text \<open>Preparation noncontextuality: whatever decomposition realises \<open>Q\<close>, its ontic distribution is
  the corresponding mixture, so its null sets are the common null sets of the components.\<close>
lemma AE_preparation_mixture_iff:
  assumes "dens Q = t *\<^sub>R dens P1 + (1 - t) *\<^sub>R dens P2" "0 < t" "t < 1" "Measurable.pred L \<phi>"
  shows "(AE l in \<mu> Q. \<phi> l) \<longleftrightarrow> (AE l in \<mu> P1. \<phi> l) \<and> (AE l in \<mu> P2. \<phi> l)"
proof -
  define N where "N = {l\<in>space L. \<not> \<phi> l}"
  have "N \<in> sets L"
    unfolding N_def using assms(4) by measurable
  obtain P where P: "dens P = t *\<^sub>R dens P1 + (1 - t) *\<^sub>R dens P2"
    "\<forall>A\<in>sets L. measure (\<mu> P) A = t * measure (\<mu> P1) A + (1 - t) * measure (\<mu> P2) A"
    using preparation_mixture_exists assms(2,3) by (metis less_eq_real_def)
  have "\<mu> Q = \<mu> P"
    using assms(1) P(1) by (intro \<mu>_eq_if_dens_eq) simp
  then have "measure (\<mu> Q) N = t * measure (\<mu> P1) N + (1 - t) * measure (\<mu> P2) N"
    using P(2) \<open>N \<in> sets L\<close> by simp
  then show ?thesis
    using assms(2,3) unfolding AE_iff_measure_zero[OF assms(4)] N_def[symmetric]
    by (simp add: add_nonneg_eq_0_iff)
qed

lemma response_AE_zero_if_integral_zero:
  assumes "realizes_binary_povm M E" "a \<in> {1, -1}" "(\<integral>l. \<xi> M [a] l \<partial>\<mu> P) = 0"
  shows "AE l in \<mu> P. \<xi> M [a] l = 0"
proof -
  interpret prob_space "\<mu> P" by (rule prob_space_\<mu>)
  have "\<xi> M [a] l \<le> 1" if "l \<in> space L" for l
    using binary_response_sum[OF assms(1) that] response_nonneg[of M "[1]" l]
      response_nonneg[of M "[-1]" l] assms(2) by (elim insertE) auto
  then have "integrable (\<mu> P) (\<xi> M [a])"
    by (intro integrable_const_bound[where B=1]) (auto simp: space_\<mu> response_nonneg)
  moreover have "AE l in \<mu> P. 0 \<le> \<xi> M [a] l"
    by (simp add: response_nonneg)
  ultimately show ?thesis
    using integral_nonneg_eq_0_iff_AE assms(3) by blast
qed
(* Let $n$ be even and consider the four-objective problem AOAZ (defined in the context). The expected running time of SEMO applied to AOAZ is bounded by $O(\frac{5}{2}n^2\log n)$.
   Context: AOAZ: $\{0,1\}^n\to\mathbb{N}^4$, $\mathrm{AOAZ}(\mathbf{x})=(f_{11}(\mathbf{x}),f_{12}(\mathbf{x}),f_{21}(\mathbf{x}),f_{22}(\mathbf{x}))$ for $\mathbf{x}=(x_1,\dots,x_n)$, $n$ even, where $f_{11}(\mathbf{x})=\sum_{i=n/2+1}^{n}x_i$, $f_{12}(\mathbf{x})=\sum_{i=1}^{n/2}x_i+\sum_{i=n/2+1}^{n}(1-x_i)$, $f_{21}(\mathbf{x})=\sum_{i=1}^{n/2}(1-x_i)+\sum_{i=n/2+1}^{n}x_i$, $f_{22}(\mathbf{x})=\sum_{i=1}^{n/2}x_i$; all four objectives are maximized, with the usual Pareto dominance ($\mathbf{z}\succ\mathbf{x}$ if $\mathbf{z}$ is at least as good in all four objectives and strictly better in one). SEMO: choose $\mathbf{x}$ uniformly from $\{0,1\}^n$, $P=\{\mathbf{x}\}$. Each iteration: pick $\mathbf{x}\in P$ uniformly at random, flip one uniformly random bit to get $\mathbf{x}'$; if there is no $\mathbf{z}\in P$ with $\mathbf{z}\succ\mathbf{x}'$ or $\mathrm{AOAZ}(\mathbf{z})=\mathrm{AOAZ}(\mathbf{x}')$, set $P\leftarrow(P\setminus\{\mathbf{z}\in P:\mathbf{x}'\succ\mathbf{z}\})\cup\{\mathbf{x}'\}$. The running time is the number of fitness evaluations (mutations) until the population covers the whole Pareto front of AOAZ for the first time. *)

theory Defs
  imports "HOL-Probability.Probability"
begin

text \<open>Bit strings x = (x_1,...,x_n) are bool lists of length n; x_i is x ! (i-1).\<close>

definition f11 :: "nat \<Rightarrow> bool list \<Rightarrow> nat" where
  "f11 n x = (\<Sum>i\<in>{n div 2..<n}. of_bool (x ! i))"

definition f12 :: "nat \<Rightarrow> bool list \<Rightarrow> nat" where
  "f12 n x = (\<Sum>i\<in>{..<n div 2}. of_bool (x ! i)) + (\<Sum>i\<in>{n div 2..<n}. of_bool (\<not> x ! i))"

definition f21 :: "nat \<Rightarrow> bool list \<Rightarrow> nat" where
  "f21 n x = (\<Sum>i\<in>{..<n div 2}. of_bool (\<not> x ! i)) + (\<Sum>i\<in>{n div 2..<n}. of_bool (x ! i))"

definition f22 :: "nat \<Rightarrow> bool list \<Rightarrow> nat" where
  "f22 n x = (\<Sum>i\<in>{..<n div 2}. of_bool (x ! i))"

definition AOAZ :: "nat \<Rightarrow> bool list \<Rightarrow> nat \<times> nat \<times> nat \<times> nat" where
  "AOAZ n x = (f11 n x, f12 n x, f21 n x, f22 n x)"

definition weakly_geq :: "nat \<times> nat \<times> nat \<times> nat \<Rightarrow> nat \<times> nat \<times> nat \<times> nat \<Rightarrow> bool" where
  "weakly_geq u v = (case u of (a1,a2,a3,a4) \<Rightarrow> case v of (b1,b2,b3,b4) \<Rightarrow>
      b1 \<le> a1 \<and> b2 \<le> a2 \<and> b3 \<le> a3 \<and> b4 \<le> a4)"

definition dominates :: "nat \<Rightarrow> bool list \<Rightarrow> bool list \<Rightarrow> bool" where
  "dominates n z x = (weakly_geq (AOAZ n z) (AOAZ n x) \<and> AOAZ n z \<noteq> AOAZ n x)"

definition bitstrings :: "nat \<Rightarrow> bool list set" where
  "bitstrings n = {x. length x = n}"

definition pareto_front :: "nat \<Rightarrow> (nat \<times> nat \<times> nat \<times> nat) set" where
  "pareto_front n = {AOAZ n x | x. x \<in> bitstrings n \<and> \<not> (\<exists>z\<in>bitstrings n. dominates n z x)}"

definition covers_front :: "nat \<Rightarrow> bool list set \<Rightarrow> bool" where
  "covers_front n P = (pareto_front n \<subseteq> AOAZ n ` P)"

definition flip :: "bool list \<Rightarrow> nat \<Rightarrow> bool list" where
  "flip x i = x[i := \<not> x ! i]"

definition semo_update :: "nat \<Rightarrow> bool list set \<Rightarrow> bool list \<Rightarrow> bool list set" where
  "semo_update n P x' =
     (if \<exists>z\<in>P. dominates n z x' \<or> AOAZ n z = AOAZ n x' then P
      else {z\<in>P. \<not> dominates n x' z} \<union> {x'})"

text \<open>The process is stopped
  (made absorbing) once the population covers the Pareto front, so that the probability
  of not yet covering at time t equals the probability that the running time exceeds t.\<close>
definition semo_step :: "nat \<Rightarrow> bool list set \<Rightarrow> bool list set pmf" where
  "semo_step n P =
     (if covers_front n P then return_pmf P
      else do {
        x \<leftarrow> pmf_of_set P;
        i \<leftarrow> pmf_of_set {..<n};
        return_pmf (semo_update n P (flip x i))
      })"

primrec semo_pop :: "nat \<Rightarrow> nat \<Rightarrow> bool list set pmf" where
  "semo_pop n 0 = map_pmf (\<lambda>x. {x}) (pmf_of_set (bitstrings n))"
| "semo_pop n (Suc t) = bind_pmf (semo_pop n t) (semo_step n)"

text \<open>Expected running time T (number of mutations until the front is covered for the first
  time), via the tail-sum formula E[T] = sum_{t>=0} Pr[T > t]; value in ennreal (may be \<infinity>).\<close>
definition semo_expected_runtime :: "nat \<Rightarrow> ennreal" where
  "semo_expected_runtime n =
     (\<Sum>t. ennreal (measure_pmf.prob (semo_pop n t) {P. \<not> covers_front n P}))"

end

theory Submission
  imports Defs
begin

(* Write m = n div 2, a x = f22 n x (ones in the first half) and b x = f11 n x (ones in the
  second half). All four objectives are functions of (a, b), and z dominates x iff a and b both
  grow by the same positive amount. So incomparable points lie on distinct diagonals a - b,
  a population has at most n + 1 members, the Pareto front is the set of points with a = m or
  b = m, and a front point once found is never lost.

  The potential has 4 m levels in three phases: raise the largest a to m (the best point has
  m - a improving one-bit flips), move along the edge a = m towards the corner (m, m)
  (m - b improving flips), then extend the covered segments of both edges of the front away
  from the corner (the end point (m, b) of one segment has b improving flips, the end point
  (a, m) of the other has a). A given parent is picked with probability at least 1 / (n + 1)
  and a given bit with probability 1 / n, so the fitness-level method bounds the expected
  runtime by n (n + 1) (2 H_m + H_n). *)

section \<open>Uniform choices and the fitness-level method\<close>

lemma prob_uniform_pair_choice:
  assumes "finite P" "P \<noteq> {}" "0 < n"
  shows "measure_pmf.prob (pmf_of_set P \<bind> (\<lambda>x. pmf_of_set {..<n} \<bind> (\<lambda>i. return_pmf (f x i)))) U
    = card {(x, i) \<in> P \<times> {..<n}. f x i \<in> U} / (card P * n)"
proof -
  let ?S = "{(x, i) \<in> P \<times> {..<n}. f x i \<in> U}"
  have "(\<Sum>x\<in>P. \<Sum>i<n. indicator U (f x i) :: ennreal) = (\<Sum>(x, i)\<in>P \<times> {..<n}. indicator U (f x i))"
    by (simp add: sum.cartesian_product)
  also have "\<dots> = card ?S"
    using assms(1) by (simp add: sum.If_cases indicator_def case_prod_beta Int_def flip: ennreal_of_nat_eq_real_of_nat)
      (auto intro!: arg_cong[where f = card])
  finally have sum_eq: "(\<Sum>x\<in>P. \<Sum>i<n. indicator U (f x i) :: ennreal) = card ?S" .
  have "emeasure (measure_pmf (pmf_of_set P \<bind> (\<lambda>x. pmf_of_set {..<n} \<bind> (\<lambda>i. return_pmf (f x i))))) U
     = (\<Sum>x\<in>P. (\<Sum>i<n. indicator U (f x i)) / ennreal n) / ennreal (card P)"
    using assms by (simp add: nn_integral_pmf_of_set lessThan_empty_iff ennreal_of_nat_eq_real_of_nat)
  also have "\<dots> = ennreal (card ?S / (card P * n))"
  proof -
    have "(\<Sum>x\<in>P. (\<Sum>i<n. indicator U (f x i)) / ennreal n) = ennreal (card ?S) / ennreal n"
      unfolding divide_ennreal_def by (simp add: sum_distrib_right[symmetric] sum_eq ennreal_of_nat_eq_real_of_nat)
    then show ?thesis
      using assms by (simp add: divide_ennreal ennreal_of_nat_eq_real_of_nat card_gt_0_iff)
  qed
  finally show ?thesis by (simp add: measure_pmf.emeasure_eq_measure)
qed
^^^^
Task objective - Exact duplication is required for the lines above, from the line that contains "text \<open>Bit strings" to the line that contains "P = (pareto_front", inclusive; omit all others.

Task solution -
text \<open>Bit strings x = (x_1,...,x_n) are bool lists of length n; x_i is x ! (i-1).\<close>

definition f11 :: "nat \<Rightarrow> bool list \<Rightarrow> nat" where
  "f11 n x = (\<Sum>i\<in>{n div 2..<n}. of_bool (x ! i))"

definition f12 :: "nat \<Rightarrow> bool list \<Rightarrow> nat" where
  "f12 n x = (\<Sum>i\<in>{..<n div 2}. of_bool (x ! i)) + (\<Sum>i\<in>{n div 2..<n}. of_bool (\<not> x ! i))"

definition f21 :: "nat \<Rightarrow> bool list \<Rightarrow> nat" where
  "f21 n x = (\<Sum>i\<in>{..<n div 2}. of_bool (\<not> x ! i)) + (\<Sum>i\<in>{n div 2..<n}. of_bool (x ! i))"

definition f22 :: "nat \<Rightarrow> bool list \<Rightarrow> nat" where
  "f22 n x = (\<Sum>i\<in>{..<n div 2}. of_bool (x ! i))"

definition AOAZ :: "nat \<Rightarrow> bool list \<Rightarrow> nat \<times> nat \<times> nat \<times> nat" where
  "AOAZ n x = (f11 n x, f12 n x, f21 n x, f22 n x)"

definition weakly_geq :: "nat \<times> nat \<times> nat \<times> nat \<Rightarrow> nat \<times> nat \<times> nat \<times> nat \<Rightarrow> bool" where
  "weakly_geq u v = (case u of (a1,a2,a3,a4) \<Rightarrow> case v of (b1,b2,b3,b4) \<Rightarrow>
      b1 \<le> a1 \<and> b2 \<le> a2 \<and> b3 \<le> a3 \<and> b4 \<le> a4)"

definition dominates :: "nat \<Rightarrow> bool list \<Rightarrow> bool list \<Rightarrow> bool" where
  "dominates n z x = (weakly_geq (AOAZ n z) (AOAZ n x) \<and> AOAZ n z \<noteq> AOAZ n x)"

definition bitstrings :: "nat \<Rightarrow> bool list set" where
  "bitstrings n = {x. length x = n}"

definition pareto_front :: "nat \<Rightarrow> (nat \<times> nat \<times> nat \<times> nat) set" where
  "pareto_front n = {AOAZ n x | x. x \<in> bitstrings n \<and> \<not> (\<exists>z\<in>bitstrings n. dominates n z x)}"

definition covers_front :: "nat \<Rightarrow> bool list set \<Rightarrow> bool" where
  "covers_front n P = (pareto_front n \<subseteq> AOAZ n ` P)"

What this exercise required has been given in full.